Define productivity…??

wood 2One of my bloggish buddies, Enthusiastically Dawn (yes, how could I not like someone who’s name is also Dawn?!?  I wonder if she’s a morning person like me?) is an avid journalist.  No, I mean, she writes the journal on journaling.  And her journals aren’t just the five-and-dime variety, they are, themselves, works of art, that she further turns into works of art with her both her prose and poetry.  Even her blog site is b-e-a-u-t-i-f-u-l and her Instagram feed gives us frequent vids of the ocean (ahhhhh….that soothing sound of waves….here in Missouri we get tornado sirens.)

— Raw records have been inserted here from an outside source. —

text \<open>For \<open>c > 1\<close> the first integral gives \<open>U\<^sup>2 = 2 (c - cos \<psi>) \<ge> 2 (c - 1) > 0\<close>, so \<open>U\<close> has
  constant sign and the inclination \<open>\<psi>\<close> is strictly monotone along the curve; it can serve as
  parameter, with \<open>d\<xi>/d\<psi> = cos \<psi> / U = \<plusminus>cos \<psi> / sqrt (2 (c - cos \<psi>))\<close>. Hence every solution is,
  up to translation and the reflection \<open>\<xi> \<mapsto> -\<xi>\<close>, a piece of one explicit curve over
  \<open>\<psi> \<in> (-\<pi>/2, \<pi>/2)\<close>. Its width \<open>\<integral> cos \<psi> / sqrt (2 (c - cos \<psi>)) d\<psi>\<close> is less than
  \<open>\<integral> cos \<psi> / sqrt (2 (c - 1)) d\<psi> = sqrt (2 / (c - 1))\<close>, and its height \<open>sqrt (2 (c - cos \<psi>))\<close> is
  minimal exactly at \<open>\<psi> = 0\<close>. Normalized curves with \<open>c\<^sub>1 < c\<^sub>2\<close> cannot meet: at a common height
  the larger \<open>c\<close> needs a smaller \<open>|\<psi>|\<close>, and since \<open>d\<xi>/d\<psi>\<close> decreases in \<open>c\<close>, the \<open>c\<^sub>2\<close>-curve
  reaches that height at a smaller \<open>|\<xi>|\<close>.\<close>

lemma increment_le_of_deriv_le:
  fixes F G :: "real \<Rightarrow> real"
  assumes "a \<le> b" "continuous_on {a..b} F" "continuous_on {a..b} G"
    and "\<And>x. a < x \<Longrightarrow> x < b \<Longrightarrow> (F has_real_derivative F' x) (at x)"
    and "\<And>x. a < x \<Longrightarrow> x < b \<Longrightarrow> (G has_real_derivative G' x) (at x)"
    and "\<And>x. a < x \<Longrightarrow> x < b \<Longrightarrow> F' x \<le> G' x"
  shows "F b - F a \<le> G b - G a"
proof -
  have "G a - F a \<le> G b - F b"
  proof (rule DERIV_nonneg_imp_increasing_open[OF \<open>a \<le> b\<close>, of "\<lambda>x. G x - F x"])
    fix x assume x: "a < x" "x < b"
    show "\<exists>y. ((\<lambda>x. G x - F x) has_real_derivative y) (at x) \<and> 0 \<le> y"
      using assms(4-6)[OF x] by (intro exI[of _ "G' x - F' x"]) (auto intro: DERIV_diff)
  qed (use assms in \<open>auto intro: continuous_on_diff\<close>)
  then show ?thesis by simp
qed

lemma increment_less_of_deriv_less:
  fixes F G :: "real \<Rightarrow> real"
  assumes "a < b" "continuous_on {a..b} F" "continuous_on {a..b} G"
    and "\<And>x. a < x \<Longrightarrow> x < b \<Longrightarrow> (F has_real_derivative F' x) (at x)"
    and "\<And>x. a < x \<Longrightarrow> x < b \<Longrightarrow> (G has_real_derivative G' x) (at x)"
    and "\<And>x. a < x \<Longrightarrow> x < b \<Longrightarrow> F' x < G' x"
  shows "F b - F a < G b - G a"
proof -
  have "G a - F a < G b - F b"
  proof (rule DERIV_pos_imp_increasing_open[OF \<open>a < b\<close>, of "\<lambda>x. G x - F x"])
    fix x assume x: "a < x" "x < b"
    show "\<exists>y. ((\<lambda>x. G x - F x) has_real_derivative y) (at x) \<and> 0 < y"
      using assms(4-6)[OF x] by (intro exI[of _ "G' x - F' x"]) (auto intro: DERIV_diff)
  qed (use assms in \<open>auto intro: continuous_on_diff\<close>)
  then show ?thesis by simp
qed

text \<open>\<open>xi_at c\<close> is the abscissa, as a function of the inclination, of the positive solution with
  energy \<open>c\<close> whose minimum lies at \<open>\<xi> = 0\<close>; \<open>psi_at c\<close> is its inverse and \<open>cap_curve c a\<close> that
  solution translated by \<open>-a\<close>.\<close>

definition dxi_dpsi :: "real \<Rightarrow> real \<Rightarrow> real" where
  "dxi_dpsi c t = cos t / sqrt (2 * (c - cos t))"

definition xi_at :: "real \<Rightarrow> real \<Rightarrow> real" where
  "xi_at c p = integral {-pi..p} (dxi_dpsi c) - integral {-pi..0} (dxi_dpsi c)"

definition xi_range :: "real \<Rightarrow> real set" where
  "xi_range c = {xi_at c (-(pi/2))<..<xi_at c (pi/2)}"

definition psi_at :: "real \<Rightarrow> real \<Rightarrow> real" where
  "psi_at c = inv_into {-(pi/2)<..<pi/2} (xi_at c)"

definition cap_curve :: "real \<Rightarrow> real \<Rightarrow> real \<Rightarrow> real" where
  "cap_curve c a x = sqrt (2 * (c - cos (psi_at c (x + a))))"

definition cap_interval :: "real \<Rightarrow> real \<Rightarrow> real set" where
  "cap_interval c a = {xi_at c (-(pi/2)) - a<..<xi_at c (pi/2) - a}"

lemma diff_cos_pos: "1 < c \<Longrightarrow> 0 < c - cos (t::real)"
  using cos_le_one[of t] by linarith

lemma continuous_on_dxi_dpsi: "1 < c \<Longrightarrow> continuous_on S (dxi_dpsi c)"
  unfolding dxi_dpsi_def by (intro continuous_intros) (use diff_cos_pos in force)+

lemma dxi_dpsi_pos: "1 < c \<Longrightarrow> -(pi/2) < t \<Longrightarrow> t < pi/2 \<Longrightarrow> 0 < dxi_dpsi c t"
  unfolding dxi_dpsi_def using diff_cos_pos[of c t] cos_gt_zero_pi[of t] by auto

lemma dxi_dpsi_antimono:
  assumes "1 < c1" "c1 \<le> c2" "0 \<le> cos t"
  shows "dxi_dpsi c2 t \<le> dxi_dpsi c1 t"
  unfolding dxi_dpsi_def using assms diff_cos_pos[of c1 t]
  by (intro divide_left_mono mult_pos_pos) auto

lemma dxi_dpsi_le:
  assumes "1 < c" "0 \<le> cos t"
  shows "dxi_dpsi c t \<le> cos t / sqrt (2 * (c - 1))"
  unfolding dxi_dpsi_def using assms cos_le_one[of t] diff_cos_pos[of c t]
  by (intro divide_left_mono mult_pos_pos) auto

lemma dxi_dpsi_less:
  assumes "1 < c" "0 < cos t" "cos t < 1"
  shows "dxi_dpsi c t < cos t / sqrt (2 * (c - 1))"
  unfolding dxi_dpsi_def using assms
  by (intro divide_strict_left_mono mult_pos_pos) auto

lemma has_real_derivative_xi_at:
  assumes "1 < c" "-pi < p"
  shows "(xi_at c has_real_derivative dxi_dpsi c p) (at p)"
proof -
  have "((\<lambda>q. integral {-pi..q} (dxi_dpsi c)) has_real_derivative dxi_dpsi c p)
          (at p within {-pi..p+1})"
    by (rule integral_has_real_derivative) (use assms continuous_on_dxi_dpsi in auto)
  moreover have "at p within {-pi..p+1} = at p"
    by (rule at_within_interior) (use assms in auto)
  ultimately show ?thesis
    unfolding xi_at_def[abs_def] by (auto intro!: derivative_eq_intros)
qed

lemma xi_at_0 [simp]: "xi_at c 0 = 0"
  by (simp add: xi_at_def)

lemma continuous_on_xi_at:
  assumes "1 < c" "S \<subseteq> {-(pi/2)..}"
  shows "continuous_on S (xi_at c)"
proof (intro continuous_at_imp_continuous_on ballI)
  fix p assume "p \<in> S"
  then have "-(pi/2) \<le> p" using assms(2) by auto
  then have "-pi < p" using pi_gt_zero by linarith
  then show "isCont (xi_at c) p"
    using DERIV_isCont has_real_derivative_xi_at assms(1) by blast
qed

lemma strict_mono_on_xi_at: "1 < c \<Longrightarrow> strict_mono_on {-(pi/2)..pi/2} (xi_at c)"
proof (rule strict_mono_onI)
  fix p q assume c: "1 < c" and pq: "p \<in> {-(pi/2)..pi/2}" "q \<in> {-(pi/2)..pi/2}" "p < q"
  show "xi_at c p < xi_at c q"
  proof (rule DERIV_pos_imp_increasing_open[OF \<open>p < q\<close>])
    show "continuous_on {p..q} (xi_at c)" using c pq by (intro continuous_on_xi_at) auto
    fix x assume "p < x" "x < q"
    then show "\<exists>y. (xi_at c has_real_derivative y) (at x) \<and> 0 < y"
      using c pq pi_gt_zero
      by (intro exI[of _ "dxi_dpsi c x"] conjI has_real_derivative_xi_at dxi_dpsi_pos) auto
  qed
qed

lemma xi_at_image: "1 < c \<Longrightarrow> xi_at c ` {-(pi/2)<..<pi/2} = xi_range c"
proof
  assume c: "1 < c"
  note mono = strict_mono_on_less[OF strict_mono_on_xi_at[OF c]]
  show "xi_at c ` {-(pi/2)<..<pi/2} \<subseteq> xi_range c"
    using mono by (auto simp: xi_range_def)
  show "xi_range c \<subseteq> xi_at c ` {-(pi/2)<..<pi/2}"
  proof
    fix z assume z: "z \<in> xi_range c"
    obtain p where p: "-(pi/2) \<le> p" "p \<le> pi/2" "xi_at c p = z"
      using IVT'[of "xi_at c" "-(pi/2)" z "pi/2"] z c continuous_on_xi_at[OF c]
      by (auto simp: xi_range_def)
    moreover have "p \<noteq> -(pi/2)" "p \<noteq> pi/2"
      using p(3) z unfolding xi_range_def by (metis greaterThanLessThan_iff less_irrefl)+
    ultimately show "z \<in> xi_at c ` {-(pi/2)<..<pi/2}" by auto
  qed
qed

lemma inj_on_xi_at: "1 < c \<Longrightarrow> inj_on (xi_at c) {-(pi/2)<..<pi/2}"
  by (rule strict_mono_on_imp_inj_on, rule monotone_on_subset[OF strict_mono_on_xi_at]) auto

lemma psi_at_xi_at: "1 < c \<Longrightarrow> -(pi/2) < p \<Longrightarrow> p < pi/2 \<Longrightarrow> psi_at c (xi_at c p) = p"
  unfolding psi_at_def by (rule inv_into_f_f) (auto intro: inj_on_xi_at)

lemma
  assumes "1 < c" "z \<in> xi_range c"
  shows psi_at_gt: "-(pi/2) < psi_at c z"
    and psi_at_less: "psi_at c z < pi/2"
    and xi_at_psi_at: "xi_at c (psi_at c z) = z"
proof -
  have z: "z \<in> xi_at c ` {-(pi/2)<..<pi/2}"
    using assms xi_at_image by blast
  show "-(pi/2) < psi_at c z" "psi_at c z < pi/2"
    using inv_into_into[OF z] by (auto simp: psi_at_def)
  show "xi_at c (psi_at c z) = z"
    using f_inv_into_f[OF z] by (simp add: psi_at_def)
qed

lemma isCont_psi_at:
  assumes c: "1 < c" and z: "z \<in> xi_range c"
  shows "isCont (psi_at c) z"
proof -
  define p where "p = psi_at c z"
  have p: "-(pi/2) < p" "p < pi/2"
    using psi_at_gt[OF c z] psi_at_less[OF c z] by (auto simp: p_def)
  have "isCont (psi_at c) (xi_at c p)"
  proof (rule isCont_inverse_function2[of "(p - pi/2) / 2" p "(p + pi/2) / 2"])
    fix q assume "(p - pi/2) / 2 \<le> q" "q \<le> (p + pi/2) / 2"
    then show "psi_at c (xi_at c q) = q" "isCont (xi_at c) q"
      using p c pi_gt_zero
      by (auto intro!: psi_at_xi_at DERIV_isCont[OF has_real_derivative_xi_at])
  qed (use p in auto)
  then show ?thesis using xi_at_psi_at[OF c z] by (simp add: p_def)
qed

So, what’s more inviting to a writer/poet/artist than a blank folio? (Unless, of course, you have writer’s block, which I doubt my buddy ever does, bless her!) That clean unqualified availability just pulls the pen to the page, or if it’s my almost three-year-old granddaughter, the crayon.  Or better yet, as when we moved into this old house, we knew we were going to strip the wall paper off and repaint, so guess what we let our children do with their crayons?  Don’t you think those blank walls were inviting!?!

I’m thinking this same kind of opportunity caught Jesus’ eye as well~~

“One day as Jesus was preaching on the shore of the Sea of Galilee, great crowds pressed in on him to listen to the word of God.  He noticed two empty boats at the water’s edge, for the fishermen had left them and were washing their nets.  Stepping into one of the boats, Jesus asked Simon, its owner, to push it out into the water. So he sat in the boat and taught the crowds from there.”

Availability.  I can imagine that an empty, waiting boat would have been more inviting than a boat with a bunch of slippery fish in it.  This doesn’t mean totally tanking our responsibilities to clear our schedule, but it will most probably mean a severe reordering of priorities.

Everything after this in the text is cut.